La gente vive de manera humilde, sin lujos, pegados a la naturaleza. Son muy religiosos. Lo vimos en la iglesia Colonial de San Blas, una construcción sencilla que me recordó un poco las pequeñas capillas que hay en muchas aldeas gallegas. La tenían pintadita de color blanco por fuera. Muy chula. Nosotros asistimos a un servicio religioso. Se veía que la gente local era muy creyente.
Mi marido se empeñó en hacer turismo salvaje. Enfrente de la iglesia está el parque central de Nicoya. Allí nos fuimos con nuestro guía y con el grupo de amigos que venía de viaje con nosotros. En Nicoya los bosques asilvestrados son lo habitual. Es lo que ves desde esta pequeña ciudad, ciudad por los servicios que da a sus habitantes y a los habitantes de los alrededores. No es tan ciudad por sus edificaciones. No ves edificios de más de dos alturas. Es como un pueblecito. Eso sí, tiene su encanto. Por eso os recomiendo visitarlo.

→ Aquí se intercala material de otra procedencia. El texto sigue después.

lemma convex_ex_acc: "convex ex_acc"
  unfolding convex_def
proof (intro ballI allI impI)
  fix x y :: "real^3" and u v :: real
  assume x: "x \<in> ex_acc" and y: "y \<in> ex_acc" and uv: "0 \<le> u" "0 \<le> v" "u + v = 1"
  define w where "w = u *\<^sub>R x + v *\<^sub>R y"
  have w: "w $ i = u * x $ i + v * y $ i" for i
    unfolding w_def by simp
  have sum_w: "w $ 1 + w $ 2 = u * (x $ 1 + x $ 2) + v * (y $ 1 + y $ 2)"
    and shift_w: "1 + w $ 2 = u * (1 + x $ 2) + v * (1 + y $ 2)"
    using w[of 1] w[of 2] uv(3) by (simp_all add: algebra_simps)
  have "u * (- x $ 3) \<le> u * neg_part3 x"
    by (rule mult_left_mono) (simp_all add: neg_part3_def uv)
  moreover have "v * (- y $ 3) \<le> v * neg_part3 y"
    by (rule mult_left_mono) (simp_all add: neg_part3_def uv)
  ultimately have "- w $ 3 \<le> u * neg_part3 x + v * neg_part3 y"
    using w[of 3] by simp
  then have "neg_part3 w \<le> u * neg_part3 x + v * neg_part3 y"
    using uv neg_part3_nonneg[of x] neg_part3_nonneg[of y] by (simp add: neg_part3_def)
  then have "(neg_part3 w)\<^sup>2 \<le> (u * neg_part3 x + v * neg_part3 y)\<^sup>2"
    using neg_part3_nonneg[of w] by (intro power_mono) auto
  also have "\<dots> \<le> (w $ 1 + w $ 2) * (1 + w $ 2)"
    unfolding sum_w shift_w using x y uv unfolding ex_acc_def by (intro sq_le_mult_conic_comb) auto
  finally have "(neg_part3 w)\<^sup>2 \<le> (w $ 1 + w $ 2) * (1 + w $ 2)" .
  moreover have "0 \<le> w $ 1"
    using x y uv unfolding w ex_acc_def by simp
  moreover have "0 \<le> w $ 1 + w $ 2" "0 \<le> 1 + w $ 2"
    using x y uv unfolding sum_w shift_w ex_acc_def by simp_all
  ultimately show "u *\<^sub>R x + v *\<^sub>R y \<in> ex_acc"
    unfolding w_def[symmetric] ex_acc_def by blast
qed

lemma ex_acc_monotone:
  assumes "x \<in> ex_acc" and "nonneg3 (y - x)"
  shows "y \<in> ex_acc"
proof -
  have le: "x $ i \<le> y $ i" for i
    using assms(2) unfolding nonneg3_def by simp
  have "(neg_part3 y)\<^sup>2 \<le> (neg_part3 x)\<^sup>2"
    using le[of 3] neg_part3_nonneg[of y] by (intro power_mono) (auto simp: neg_part3_def)
  also have "\<dots> \<le> (x $ 1 + x $ 2) * (1 + x $ 2)"
    using assms(1) unfolding ex_acc_def by simp
  also have "\<dots> \<le> (y $ 1 + y $ 2) * (1 + y $ 2)"
    using assms(1) le[of 1] le[of 2] unfolding ex_acc_def by (intro mult_mono) auto
  finally show ?thesis
    using assms(1) le[of 1] le[of 2] unfolding ex_acc_def by auto
qed

lemma ex_risk_le_price:
  assumes "z \<in> ex_payoffs" and "z + x \<in> ex_acc"
  shows "ex_risk x \<le> ex_price z"
proof -
  define y where "y = z + x"
  have y: "0 \<le> y $ 1"
    using assms unfolding y_def ex_acc_def by auto
  have "(neg_part3 x)\<^sup>2 \<le> (y $ 1 + y $ 2) * (1 + y $ 2)"
    using assms neg_part3_add_payoff unfolding y_def ex_acc_def by auto
  also have "\<dots> \<le> (y $ 1 + y $ 2) * (1 + (y $ 1 + y $ 2))"
    using assms(2) y unfolding y_def ex_acc_def by (intro mult_left_mono) auto
  finally have "hroot (neg_part3 x) \<le> y $ 1 + y $ 2"
    using assms(2) unfolding y_def ex_acc_def by (intro hroot_le) auto
  then show ?thesis
    unfolding ex_risk_def ex_price_def y_def by simp
qed

lemma ex_sel_mem: "ex_sel x \<in> ex_payoffs" "ex_sel x + x \<in> ex_acc"
  and ex_price_ex_sel: "ex_price (ex_sel x) = ex_risk x"
proof -
  show "ex_sel x \<in> ex_payoffs"
    unfolding ex_payoffs_def ex_sel_def by simp
  then show "ex_sel x + x \<in> ex_acc"
    using hroot_nonneg hroot_eq[of "neg_part3 x"]
    by (simp add: ex_acc_def neg_part3_add_payoff) (simp add: ex_sel_def)
  show "ex_price (ex_sel x) = ex_risk x"
    unfolding ex_price_def ex_risk_def ex_sel_def by simp
qed

lemma rho_ex_eq: "rho ex_acc ex_payoffs ex_price x = ereal (ex_risk x)"
  unfolding rho_def
proof (rule Inf_eqI)
  show "\<And>i. i \<in> {ereal (ex_price z) |z. z \<in> ex_payoffs \<and> z + x \<in> ex_acc} \<Longrightarrow> ereal (ex_risk x) \<le> i"
    using ex_risk_le_price by auto
  show "\<And>y. (\<And>i. i \<in> {ereal (ex_price z) |z. z \<in> ex_payoffs \<and> z + x \<in> ex_acc} \<Longrightarrow> y \<le> i)
          \<Longrightarrow> y \<le> ereal (ex_risk x)"
    using ex_sel_mem ex_price_ex_sel by (metis (mono_tags, lifting) mem_Collect_eq)
qed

Mi marido y sus amigos fueron al Parque Nacional Barra Honda a bajar por unas piedras enormes hasta una cueva. Yo no estaba tan loca. Me quedé en Nicoya, en mi hotelito, como una marquesa. No estaba para hacer turismo salvaje. Aproveché para ir de tiendas. Compré unos mangos deliciosos y otra fruta en un mercadillo agrícola que habían montado. También aproveché para llevarme objetos de artesanía. Es lo que siempre compro en mis viajes en el extranjero para mi madre y para mi suegra.